On appeal, this court must defer to the trial court's credibility determinations between competing factual testimony. State v. Locurto, 157 N.J. 463, 474 (1999); State v. Hodgson, 44 N.J. 151, 163 (1965), cert. denied, 384 U.S. 1021, 86 S.Ct. 1929, 16 L.Ed. 2d 1022 (1966). Considering the testimony of Officer Mason that defendant was advised of his right to refuse consent and to stop the search after it began, and evidence that defendant's mental and physical condition did not interfere with his ability to understand his rights or to exercise his free will, there was ample evidence in the record to support the judge's conclusion that defendant voluntarily consented to the search.

III.

With respect to defendant's guilty plea, Rule 3:9-2 requires that the court determine "by inquiry of the defendant and others, in the court's discretion, that there is a factual basis for the plea." The May 23, 2007, transcript of the plea hearing establishes that the plea agreement required defendant to plead guilty to counts two and seven of Indictment No. 06-09-2187 and to counts four and five of Indictment No. 06-09-2024. Upon questioning by the judge, defendant could not acknowledge a particular school within 1,000 feet of the location where he distributed heroin on August 3, 2006, as charged in count four of the second indictment.

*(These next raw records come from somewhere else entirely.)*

lemma exc_occ_nonneg:
  assumes "wf_config \<omega>" "e \<in> excs \<omega> B U"
  shows "0 \<le> exc_occ U e x"
proof -
  obtain v X \<sigma> n where e: "e = (v, X, \<sigma>, n)" "(v, X, \<sigma>) \<in> \<omega>"
    using assms(2) unfolding excs_def by auto
  then show ?thesis
    by (auto simp: exc_occ_def exc_time_def intro!: sum_nonneg intro: less_imp_le wf_config_trajD(1)[OF assms(1)])
qed

lemma finite_visiting_trajs:
  assumes "wf_config \<omega>" "finite B"
  shows "finite (visiting_trajs \<omega> B u)"
proof -
  have "visiting_trajs \<omega> B u = (\<Union>y\<in>B. {p \<in> \<omega>. fst p \<le> u \<and> y \<in> range (fst (snd p))})"
    by (auto simp: visiting_trajs_def)
  with assms show ?thesis by (simp add: wf_config_def)
qed

lemma excs_upto_eq_image:
  "excs_upto \<omega> B U u = (\<lambda>(p, n). (fst p, fst (snd p), snd (snd p), n)) `
      (SIGMA p:visiting_trajs \<omega> B u. {n. exc_start B U (fst (snd p)) n})"
  unfolding excs_upto_def excs_def visiting_trajs_def
  by (force simp: exc_start_def image_iff)

lemma
  assumes wf: "wf_config \<omega>" and finB: "finite B"
  shows finite_excs_upto: "finite (excs_upto \<omega> B U u)"
    and sum_excs_upto_eq: "(\<Sum>e\<in>excs_upto \<omega> B U u. exc_occ U e x) =
      (\<Sum>p\<in>visiting_trajs \<omega> B u. \<Sum>n | exc_start B U (fst (snd p)) n.
          exc_time U (fst (snd p)) (snd (snd p)) n x)"
proof -
  have fin_starts: "finite {n. exc_start B U (fst (snd p)) n}" if "p \<in> \<omega>" for p
  proof -
    obtain v X \<sigma> where "p = (v, X, \<sigma>)" by (cases p)
    with that wf_config_trajD(2)[OF wf] show ?thesis using finite_exc_starts[OF finB] by auto
  qed
  have fin_Sigma: "finite (SIGMA p:visiting_trajs \<omega> B u. {n. exc_start B U (fst (snd p)) n})"
    using finite_visiting_trajs[OF wf finB] fin_starts by (auto simp: visiting_trajs_def)
  then show "finite (excs_upto \<omega> B U u)"
    unfolding excs_upto_eq_image by simp
  have inj: "inj_on (\<lambda>(p, n). (fst p, fst (snd p), snd (snd p), n))
      (SIGMA p:visiting_trajs \<omega> B u. {n. exc_start B U (fst (snd p)) n})"
    by (auto simp: inj_on_def prod_eq_iff)
  show "(\<Sum>e\<in>excs_upto \<omega> B U u. exc_occ U e x) = (\<Sum>p\<in>visiting_trajs \<omega> B u.
      \<Sum>n | exc_start B U (fst (snd p)) n. exc_time U (fst (snd p)) (snd (snd p)) n x)"
    unfolding excs_upto_eq_image sum.reindex[OF inj]
    by (subst sum.Sigma)
       (use finite_visiting_trajs[OF wf finB] fin_starts in \<open>auto simp: visiting_trajs_def exc_occ_def split_beta intro!: sum.cong\<close>)
qed

lemma
  fixes \<omega> :: "('d::finite) config"
  assumes wf: "wf_config \<omega>" and finB: "finite B" and BU: "B \<subseteq> U"
  shows sum_exc_occ_le_occ: "(\<Sum>e\<in>excs_upto \<omega> B U u. exc_occ U e x) \<le> occ \<omega> u x"
    and sum_exc_occ_eq_occ: "x \<in> B \<Longrightarrow> (\<Sum>e\<in>excs_upto \<omega> B U u. exc_occ U e x) = occ \<omega> u x"
proof -
  define W where "W = {p \<in> \<omega>. fst p \<le> u \<and> x \<in> range (fst (snd p))}"
  define h where "h p = (\<Sum>n | exc_start B U (fst (snd p)) n. exc_time U (fst (snd p)) (snd (snd p)) n x)"
    for p :: "real \<times> (int \<Rightarrow> int ^ 'd) \<times> (int \<Rightarrow> real)"
  define g where "g p = (\<Sum>k | fst (snd p) k = x. snd (snd p) k)"
    for p :: "real \<times> (int \<Rightarrow> int ^ 'd) \<times> (int \<Rightarrow> real)"
  have lhs: "(\<Sum>e\<in>excs_upto \<omega> B U u. exc_occ U e x) = sum h (visiting_trajs \<omega> B u)"
    unfolding h_def by (rule sum_excs_upto_eq[OF wf finB])
  have occ: "occ \<omega> u x = sum g W"
    unfolding occ_def W_def g_def by (rule sum.cong) (auto simp: split_beta)
  have fin_W: "finite W"
    using wf by (simp add: W_def wf_config_def)
  have h_le_g: "h p \<le> g p" and h_eq_g: "x \<in> B \<Longrightarrow> h p = g p" if "p \<in> \<omega>" for p
  proof -
    obtain v X \<sigma> where p: "p = (v, X, \<sigma>)" by (cases p)
    note traj = wf_config_trajD[OF wf that[unfolded p]]
    show "h p \<le> g p" "x \<in> B \<Longrightarrow> h p = g p"
      using sum_exc_time_le[OF finB BU] sum_exc_time_eq[OF finB BU] traj
      by (auto simp: h_def g_def p)
  qed
  have h_zero: "h p = 0" if "p \<notin> W" "p \<in> \<omega>" "fst p \<le> u" for p
  proof -
    have "\<forall>k. fst (snd p) k \<noteq> x" using that by (auto simp: W_def)
    then show ?thesis by (simp add: h_def exc_time_def)
  qed
  have g_nonneg: "0 \<le> g p" if "p \<in> \<omega>" for p
    using that by (cases p) (auto simp: g_def intro!: sum_nonneg intro: less_imp_le wf_config_trajD(1)[OF wf])
  have "sum h (visiting_trajs \<omega> B u) = sum h (visiting_trajs \<omega> B u \<inter> W)"
    by (rule sum.mono_neutral_right)
       (use finite_visiting_trajs[OF wf finB] h_zero in \<open>auto simp: visiting_trajs_def\<close>)
  also have "\<dots> \<le> sum g (visiting_trajs \<omega> B u \<inter> W)"
    by (rule sum_mono) (use h_le_g in \<open>auto simp: W_def\<close>)
  also have "\<dots> \<le> sum g W"
    by (rule sum_mono2[OF fin_W]) (use g_nonneg in \<open>auto simp: W_def\<close>)
  finally show "(\<Sum>e\<in>excs_upto \<omega> B U u. exc_occ U e x) \<le> occ \<omega> u x"
    using lhs occ by simp
  assume "x \<in> B"
  then have W_sub: "W \<subseteq> visiting_trajs \<omega> B u"
    by (auto simp: W_def visiting_trajs_def)
  have "sum h (visiting_trajs \<omega> B u) = sum h W"
    by (rule sum.mono_neutral_right)
       (use finite_visiting_trajs[OF wf finB] h_zero W_sub in \<open>auto simp: visiting_trajs_def\<close>)
  also have "\<dots> = sum g W"
    by (rule sum.cong) (use h_eq_g \<open>x \<in> B\<close> in \<open>auto simp: W_def\<close>)
  finally show "(\<Sum>e\<in>excs_upto \<omega> B U u. exc_occ U e x) = occ \<omega> u x"
    using lhs occ by simp
qed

The court moved on to count five, charging possession with intent to distribute within 500 feet of public property, and the following colloquy took place:

THE COURT: All right. Now, on the same date, Count 5, did you knowingly or purposely possess with intent to distribute C.D.S. within 500 - I'm sorry, C.D.S. that was heroin within 500 feet of what?

[ASSISTANT PROSECUTOR]: This would've been Brown's Memorial Park.

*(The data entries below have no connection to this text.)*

(* For every $N\ge1$ and $m\ge1$, $w^{St}_{\mathfrak{so}(N)}((1,2,\dots,m))=\frac{(N-1)^m+1-N}{N}$ if $m$ is odd, and $=\frac{(N-1)^m-1+N^2}{N}$ if $m$ is even.
   Context: For $1\le i\le N$, $\bar i=N+1-i$, $F_{ij}=E_{ij}-E_{\bar j\bar i}$ ($E_{ij}$ matrix units), spanning $\mathfrak{so}(N)$; for $\alpha\in\mathbb{S}_m$, $w_{\mathfrak{so}(N)}(\alpha)=\sum_{i_1,\dots,i_m=1}^N F_{i_1i_{\alpha(1)}}\cdots F_{i_mi_{\alpha(m)}}\in U(\mathfrak{so}(N))$, and $w^{St}_{\mathfrak{so}(N)}(\alpha)=\frac1N\operatorname{Tr}\rho(w_{\mathfrak{so}(N)}(\alpha))$ with $\rho$ the standard $N$-dimensional matrix representation extended to $U(\mathfrak{so}(N))$. *)

theory Defs
  imports Complex_Main "HOL-Library.FuncSet"
begin

text \<open>N x N real matrices are represented as functions nat \<Rightarrow> nat \<Rightarrow> real,
  with row/column indices ranging over {1..N}.\<close>

definition mat_mult :: "nat \<Rightarrow> (nat \<Rightarrow> nat \<Rightarrow> real) \<Rightarrow> (nat \<Rightarrow> nat \<Rightarrow> real) \<Rightarrow> (nat \<Rightarrow> nat \<Rightarrow> real)" where
  "mat_mult N A B = (\<lambda>a b. \<Sum>c = 1..N. A a c * B c b)"

definition mat_id :: "nat \<Rightarrow> nat \<Rightarrow> real" where
  "mat_id = (\<lambda>a b. if a = b then 1 else 0)"

definition mat_trace :: "nat \<Rightarrow> (nat \<Rightarrow> nat \<Rightarrow> real) \<Rightarrow> real" where
  "mat_trace N A = (\<Sum>a = 1..N. A a a)"

definition E_unit :: "nat \<Rightarrow> nat \<Rightarrow> nat \<Rightarrow> nat \<Rightarrow> real" where
  "E_unit i j = (\<lambda>a b. if a = i \<and> b = j then 1 else 0)"

definition bar :: "nat \<Rightarrow> nat \<Rightarrow> nat" where
  "bar N i = N + 1 - i"

text \<open>F_ij = E_ij - E_{bar j, bar i}, i.e. the image of F_ij in the standard representation.\<close>
definition F_so :: "nat \<Rightarrow> nat \<Rightarrow> nat \<Rightarrow> nat \<Rightarrow> nat \<Rightarrow> real" where
  "F_so N i j = (\<lambda>a b. E_unit i j a b - E_unit (bar N j) (bar N i) a b)"

definition mat_prod_list :: "nat \<Rightarrow> (nat \<Rightarrow> nat \<Rightarrow> real) list \<Rightarrow> (nat \<Rightarrow> nat \<Rightarrow> real)" where
  "mat_prod_list N As = foldr (mat_mult N) As mat_id"

definition rho_w_so :: "nat \<Rightarrow> nat \<Rightarrow> (nat \<Rightarrow> nat) \<Rightarrow> (nat \<Rightarrow> nat \<Rightarrow> real)" where
  "rho_w_so N m \<alpha> = (\<lambda>a b. \<Sum>\<iota> \<in> PiE {1..m} (\<lambda>_. {1..N}).
      mat_prod_list N (map (\<lambda>k. F_so N (\<iota> k) (\<iota> (\<alpha> k))) [1..<m+1]) a b)"

definition w_St_so :: "nat \<Rightarrow> nat \<Rightarrow> (nat \<Rightarrow> nat) \<Rightarrow> real" where
  "w_St_so N m \<alpha> = mat_trace N (rho_w_so N m \<alpha>) / real N"

definition long_cycle :: "nat \<Rightarrow> nat \<Rightarrow> nat" where
  "long_cycle m k = (if k < m then k + 1 else 1)"

end

theory Submission
  imports Defs
begin

(* Expanding the cyclic product, rho(w((1 2 ... m))) is the sum over i of the path sums
   Phi_m(i,i), where Phi_k(i,j) is the sum of F_{i i_1} F_{i_1 i_2} ... F_{i_(k-1) j} over all
   intermediate indices; equivalently Phi_0(i,j) = delta_ij I and
   Phi_(k+1)(i,j) = sum_y F_{i y} Phi_k(y,j).  Since F_{i y} = E_{i y} - E_{bar y, bar i}, this
   recursion preserves the span of E_{i j}, E_{bar j, bar i} and delta_ij I, and one finds
     Phi_k(i,j) = c_k E_{i j} + (-1)^k (delta_ij I if k is even, E_{bar j, bar i} if k is odd)
   with c_(k+1) = (N - 1) c_k + (-1)^k, i.e. c_k = ((N - 1)^k - (-1)^k) / N.  Summing the traces
   over i gives N c_m + N^2 for even m and N c_m - N for odd m. *)

lemma sum_lists_length_Suc:
  "(\<Sum>xs\<in>{xs. set xs \<subseteq> A \<and> length xs = Suc n}. f xs)
    = (\<Sum>x\<in>A. \<Sum>ys\<in>{ys. set ys \<subseteq> A \<and> length ys = n}. f (x # ys))"
proof -
  have "(\<Sum>xs\<in>{xs. set xs \<subseteq> A \<and> length xs = Suc n}. f xs)
      = (\<Sum>(ys, x)\<in>{ys. set ys \<subseteq> A \<and> length ys = n} \<times> A. f (x # ys))"
    unfolding lists_length_Suc_eq sum.reindex[OF inj_split_Cons] by (simp add: case_prod_unfold)
  then show ?thesis
    by (simp add: sum.cartesian_product[symmetric] sum.swap[of _ A])
qed

lemma bij_betw_map_upt_PiE:
  "bij_betw (\<lambda>f. map f [1..<m+1]) (PiE {1..m} (\<lambda>_. A)) {xs. set xs \<subseteq> A \<and> length xs = m}"
proof (rule bij_betw_imageI)
  show "inj_on (\<lambda>f. map f [1..<m+1]) (PiE {1..m} (\<lambda>_. A))"
  proof (rule inj_onI)
    fix f g assume "f \<in> PiE {1..m} (\<lambda>_. A)" "g \<in> PiE {1..m} (\<lambda>_. A)"
      and "map f [1..<m+1] = map g [1..<m+1]"
    then show "f = g"
      by (intro PiE_ext[of f "{1..m}" "\<lambda>_. A" g]) (auto simp: map_eq_conv simp del: upt_Suc)
  qed
next
  show "(\<lambda>f. map f [1..<m+1]) ` PiE {1..m} (\<lambda>_. A) = {xs. set xs \<subseteq> A \<and> length xs = m}"
  proof (intro equalityI subsetI)
    fix xs assume "xs \<in> {xs. set xs \<subseteq> A \<and> length xs = m}"
    then have xs: "set xs \<subseteq> A" "length xs = m" by auto
    define f where "f = restrict (\<lambda>k. xs ! (k - 1)) {1..m}"
    have "map f [1..<m+1] = xs"
      using xs(2) by (intro nth_equalityI) (auto simp: f_def simp del: upt_Suc)
    moreover have "f \<in> PiE {1..m} (\<lambda>_. A)"
      using xs by (auto simp: f_def nth_mem subsetD)
    ultimately show "xs \<in> (\<lambda>f. map f [1..<m+1]) ` PiE {1..m} (\<lambda>_. A)"
      by (rule image_eqI[OF sym])
  qed (auto simp: PiE_def Pi_def)
qed

lemma bar_bar: "a \<in> {1..N} \<Longrightarrow> bar N (bar N a) = a"
  by (auto simp: bar_def)

lemma bar_in_range: "a \<in> {1..N} \<Longrightarrow> bar N a \<in> {1..N}"
  by (auto simp: bar_def)

lemma eq_bar_iff: "a \<in> {1..N} \<Longrightarrow> b \<in> {1..N} \<Longrightarrow> a = bar N b \<longleftrightarrow> b = bar N a"
  by (auto simp: bar_def)

lemma F_so_apply:
  "F_so N i j a b = of_bool (a = i \<and> b = j) - of_bool (a = bar N j \<and> b = bar N i)"
  unfolding F_so_def E_unit_def of_bool_def ..

lemma mat_prod_list_Cons: "mat_prod_list N (A # As) = mat_mult N A (mat_prod_list N As)"
  by (simp add: mat_prod_list_def)

lemma sum_mat_mult_right:
  "(\<Sum>s\<in>S. mat_mult N A (B s) a b) = mat_mult N A (\<lambda>c d. \<Sum>s\<in>S. B s c d) a b"
  by (simp add: mat_mult_def sum_distrib_left sum.swap[of _ S])

lemma sum_mat_mult_F_so:
  assumes "a \<in> {1..N}" "i \<in> {1..N}"
  shows "(\<Sum>y = 1..N. mat_mult N (F_so N i y) (M y) a b)
    = of_bool (a = i) * (\<Sum>y = 1..N. M y y b) - M (bar N a) (bar N i) b"
proof -
  have "(\<Sum>y = 1..N. mat_mult N (F_so N i y) (M y) a b)
      = (\<Sum>y = 1..N. of_bool (a = i) * M y y b - of_bool (y = bar N a) * M y (bar N i) b)"
  proof (rule sum.cong)
    fix y assume "y \<in> {1..N}"
    then show "mat_mult N (F_so N i y) (M y) a b
        = of_bool (a = i) * M y y b - of_bool (y = bar N a) * M y (bar N i) b"
      using assms bar_in_range[OF assms(2)]
      by (simp add: mat_mult_def F_so_apply left_diff_distrib sum_subtractf of_bool_conj
          mult.assoc eq_bar_iff)
  qed simp
  also have "\<dots> = of_bool (a = i) * (\<Sum>y = 1..N. M y y b) - M (bar N a) (bar N i) b"
    using bar_in_range[OF assms(1)] by (simp add: sum_subtractf sum_distrib_left)
  finally show ?thesis .
qed

fun path_sum :: "nat \<Rightarrow> nat \<Rightarrow> nat \<Rightarrow> nat \<Rightarrow> (nat \<Rightarrow> nat \<Rightarrow> real)" where
  "path_sum N 0 i j = (\<lambda>a b. of_bool (i = j) * mat_id a b)"
| "path_sum N (Suc k) i j = (\<lambda>a b. \<Sum>y = 1..N. mat_mult N (F_so N i y) (path_sum N k y j) a b)"

lemma path_sum_eq_sum_lists:
  assumes "j \<in> {1..N}"
  shows "path_sum N (Suc n) x j = (\<lambda>a b. \<Sum>ys\<in>{ys. set ys \<subseteq> {1..N} \<and> length ys = n}.
            mat_prod_list N (map2 (F_so N) (x # ys) (ys @ [j])) a b)"
proof (induction n arbitrary: x)
  case 0
  have "mat_mult N (F_so N x y) (path_sum N 0 y j) a b
      = of_bool (y = j) * mat_mult N (F_so N x y) mat_id a b" for y a b
    by (cases "y = j") (simp_all add: mat_mult_def)
  moreover have "{ys. set ys \<subseteq> {1..N} \<and> length ys = 0} = {[]}"
    by auto
  ultimately show ?case
    using assms by (simp add: mat_prod_list_def)
next
  case (Suc n)
  show ?case
    unfolding sum_lists_length_Suc path_sum.simps(2)[of N "Suc n"] Suc.IH
    by (simp add: mat_prod_list_Cons sum_mat_mult_right)
qed

lemma map_long_cycle_upt:
  assumes "m \<ge> 1"
  shows "map (long_cycle m) [1..<m+1] = rotate1 [1..<m+1]"
proof -
  have "map (long_cycle m) [1..<m] = map Suc [1..<m]"
    by (intro map_cong) (auto simp: long_cycle_def)
  then have "map (long_cycle m) [1..<m+1] = map Suc [1..<m] @ [1]"
    using assms by (simp add: long_cycle_def)
  moreover have "rotate1 [1..<m+1] = map Suc [1..<m] @ [1]"
    using assms by (simp add: upt_conv_Cons map_Suc_upt del: upt_Suc)
  ultimately show ?thesis by simp
qed

lemma rho_w_so_long_cycle:
  assumes "m \<ge> 1"
  shows "rho_w_so N m (long_cycle m) a b = (\<Sum>x = 1..N. path_sum N m x x a b)"
proof -
  obtain n where m: "m = Suc n"
    using assms by (cases m) auto
  have cycle: "map (\<lambda>k. F_so N (f k) (f (long_cycle m k))) [1..<m+1]
      = map2 (F_so N) (map f [1..<m+1]) (rotate1 (map f [1..<m+1]))" for f
    unfolding rotate1_map map_long_cycle_upt[OF assms, symmetric]
    by (simp add: zip_map_map zip_same_conv_map del: upt_Suc)
  have "rho_w_so N m (long_cycle m) a b = (\<Sum>f\<in>PiE {1..m} (\<lambda>_. {1..N}).
      mat_prod_list N (map2 (F_so N) (map f [1..<m+1]) (rotate1 (map f [1..<m+1]))) a b)"
    unfolding rho_w_so_def cycle ..
  also have "\<dots> = (\<Sum>xs\<in>{xs. set xs \<subseteq> {1..N} \<and> length xs = m}.
      mat_prod_list N (map2 (F_so N) xs (rotate1 xs)) a b)"
    by (rule sum.reindex_bij_betw[OF bij_betw_map_upt_PiE])
  also have "\<dots> = (\<Sum>x = 1..N. \<Sum>ys\<in>{ys. set ys \<subseteq> {1..N} \<and> length ys = n}.
      mat_prod_list N (map2 (F_so N) (x # ys) (ys @ [x])) a b)"
    unfolding m sum_lists_length_Suc by simp
  also have "\<dots> = (\<Sum>x = 1..N. path_sum N m x x a b)"
    unfolding m by (intro sum.cong refl) (simp add: path_sum_eq_sum_lists del: path_sum.simps)
  finally show ?thesis .
qed

definition path_coef :: "nat \<Rightarrow> nat \<Rightarrow> real" where
  "path_coef N k = ((real N - 1) ^ k - (-1) ^ k) / real N"

definition path_sum_formula :: "nat \<Rightarrow> nat \<Rightarrow> nat \<Rightarrow> nat \<Rightarrow> (nat \<Rightarrow> nat \<Rightarrow> real)" where
  "path_sum_formula N k i j = (\<lambda>a b. path_coef N k * of_bool (a = i \<and> b = j) + (-1) ^ k *
     (if even k then of_bool (i = j \<and> a = b) else of_bool (a = bar N j \<and> b = bar N i)))"

lemma path_coef_Suc: "N \<ge> 1 \<Longrightarrow> path_coef N (Suc k) = (real N - 1) * path_coef N k + (-1) ^ k"
  by (simp add: path_coef_def field_simps)

lemma sum_diag_path_sum_formula:
  assumes "j \<in> {1..N}" "b \<in> {1..N}"
  shows "(\<Sum>y = 1..N. path_sum_formula N k y j y b)
    = (real N * path_coef N k + (-1) ^ k) * of_bool (j = b)"
proof -
  have even_part: "(\<Sum>y = 1..N. of_bool (y = j \<and> y = b) :: real) = of_bool (j = b)"
    using assms by (simp add: of_bool_conj)
  have "(\<Sum>y = 1..N. of_bool (y = bar N j \<and> b = bar N y) :: real)
      = (\<Sum>y = 1..N. if y = bar N j then of_bool (j = b) else 0)"
    by (rule sum.cong) (use assms bar_bar in auto)
  also have "\<dots> = of_bool (j = b)"
    using bar_in_range[OF assms(1)] by simp
  finally have odd_part:
    "(\<Sum>y = 1..N. of_bool (y = bar N j \<and> b = bar N y) :: real) = of_bool (j = b)" .
  have "(\<Sum>y = 1..N. path_sum_formula N k y j y b)
      = path_coef N k * (\<Sum>y = 1..N. of_bool (j = b))
      + (-1) ^ k * (if even k then (\<Sum>y = 1..N. of_bool (y = j \<and> y = b))
                    else (\<Sum>y = 1..N. of_bool (y = bar N j \<and> b = bar N y)))"
    unfolding path_sum_formula_def sum.distrib sum_distrib_left
    by (cases "even k") (simp_all add: sum_negf)
  also have "\<dots> = (real N * path_coef N k + (-1) ^ k) * of_bool (j = b)"
    unfolding even_part odd_part by (simp add: algebra_simps)
  finally show ?thesis .
qed

lemma path_sum_eq_formula:
  assumes "i \<in> {1..N}" "j \<in> {1..N}" "a \<in> {1..N}" "b \<in> {1..N}"
  shows "path_sum N k i j a b = path_sum_formula N k i j a b"
  using assms(1,3)
proof (induction k arbitrary: i a)
  case 0
  then show ?case by (simp add: path_sum_formula_def path_coef_def mat_id_def)
next
  case (Suc k)
  have "path_sum N (Suc k) i j a b
      = of_bool (a = i) * (\<Sum>y = 1..N. path_sum N k y j y b)
        - path_sum N k (bar N a) j (bar N i) b"
    using sum_mat_mult_F_so[OF Suc.prems(2,1)] by simp
  also have "\<dots> = of_bool (a = i) * (real N * path_coef N k + (-1) ^ k) * of_bool (j = b)
      - path_sum_formula N k (bar N a) j (bar N i) b"
  proof -
    have "(\<Sum>y = 1..N. path_sum N k y j y b) = (\<Sum>y = 1..N. path_sum_formula N k y j y b)"
      by (intro sum.cong refl Suc.IH) auto
    also have "\<dots> = (real N * path_coef N k + (-1) ^ k) * of_bool (j = b)"
      by (rule sum_diag_path_sum_formula[OF assms(2,4)])
    finally show ?thesis
      using Suc.IH[of "bar N a" "bar N i"] Suc.prems bar_in_range by simp
  qed
  also have "\<dots> = path_sum_formula N (Suc k) i j a b"
  proof -
    have "bar N i = bar N a \<longleftrightarrow> a = i" "bar N i = bar N j \<longleftrightarrow> i = j"
      "bar N a = j \<longleftrightarrow> a = bar N j" "bar N i = b \<longleftrightarrow> b = bar N i"
      "b = bar N (bar N a) \<longleftrightarrow> a = b"
      using Suc.prems assms(2,4) by (auto simp: bar_def)
    then have "path_sum_formula N k (bar N a) j (bar N i) b
        = path_coef N k * of_bool (a = i \<and> b = j) + (-1) ^ k *
          (if even k then of_bool (a = bar N j \<and> b = bar N i) else of_bool (i = j \<and> a = b))"
      by (simp add: path_sum_formula_def)
    then show ?thesis
      using Suc.prems path_coef_Suc[of N k] by (auto simp: path_sum_formula_def algebra_simps)
  qed
  finally show ?case .
qed

lemma sum_trace_path_sum:
  "(\<Sum>x = 1..N. mat_trace N (path_sum N k x x))
    = real N * path_coef N k + (-1) ^ k * (if even k then real N ^ 2 else real N)"
proof -
  have "(\<Sum>x = 1..N. mat_trace N (path_sum N k x x))
      = (\<Sum>x = 1..N. \<Sum>a = 1..N. path_sum_formula N k x x a a)"
    unfolding mat_trace_def by (intro sum.cong refl path_sum_eq_formula) auto
  also have "\<dots> = (\<Sum>x = 1..N. path_coef N k + (-1) ^ k * (if even k then real N else 1))"
  proof (intro sum.cong refl)
    fix x assume "x \<in> {1..N}"
    then show "(\<Sum>a = 1..N. path_sum_formula N k x x a a)
        = path_coef N k + (-1) ^ k * (if even k then real N else 1)"
      using bar_in_range[of x N]
      by (cases "even k") (simp_all add: path_sum_formula_def sum.distrib sum_subtractf)
  qed
  also have "\<dots> = real N * path_coef N k + (-1) ^ k * (if even k then real N ^ 2 else real N)"
    by (simp add: power2_eq_square algebra_simps)
  finally show ?thesis .
qed

theorem corollary13:
  fixes N m :: nat
  assumes "N \<ge> 1" and "m \<ge> 1"
  shows "w_St_so N m (long_cycle m) =
    (if odd m then ((real N - 1) ^ m + 1 - real N) / real N
     else ((real N - 1) ^ m - 1 + (real N)^2) / real N)"
proof -
  have w: "w_St_so N m (long_cycle m) = (\<Sum>x = 1..N. mat_trace N (path_sum N m x x)) / real N"
    unfolding w_St_so_def mat_trace_def rho_w_so_long_cycle[OF assms(2)]
    by (subst sum.swap) (rule refl)
  show ?thesis
    unfolding w sum_trace_path_sum
    using assms(1) by (cases "even m") (simp_all add: path_coef_def field_simps)
qed

end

DEFENDANT: Your Honor, that sounds like the same - the same as - I'm confused now because it sounds like the same -

[DEFENSE COUNSEL]: Well, it is.

[ASSISTANT PROSECUTOR]: It's also Stanley Holmes, too, Your Honor.

DEFENDANT: Yeah, I mean, that's all the same.

[ASSISTANT PROSECUTOR]: And that's what the complaint says.

DEFENDANT: It sounds like the same - I'm saying yes to the same thing.

The court then discussed with counsel whether count four was necessary as part of the plea, since it would merge with count five for purposes of sentencing. The assistant prosecutor agreed to amend the plea agreement. The colloquy continued as follows:

THE COURT: - I'm going to dismiss Count 4. Mark your paper accordingly. And then the only thing he's going to plead to then is Count 5, that you were within 500 feet -

DEFENDANT: Correct.

THE COURT: - of Stanley Holmes.

DEFENDANT: Yes.

THE COURT: All right. All right. All right. I'll accept the plea. Defendant's knowingly, voluntarily waived his right to trial.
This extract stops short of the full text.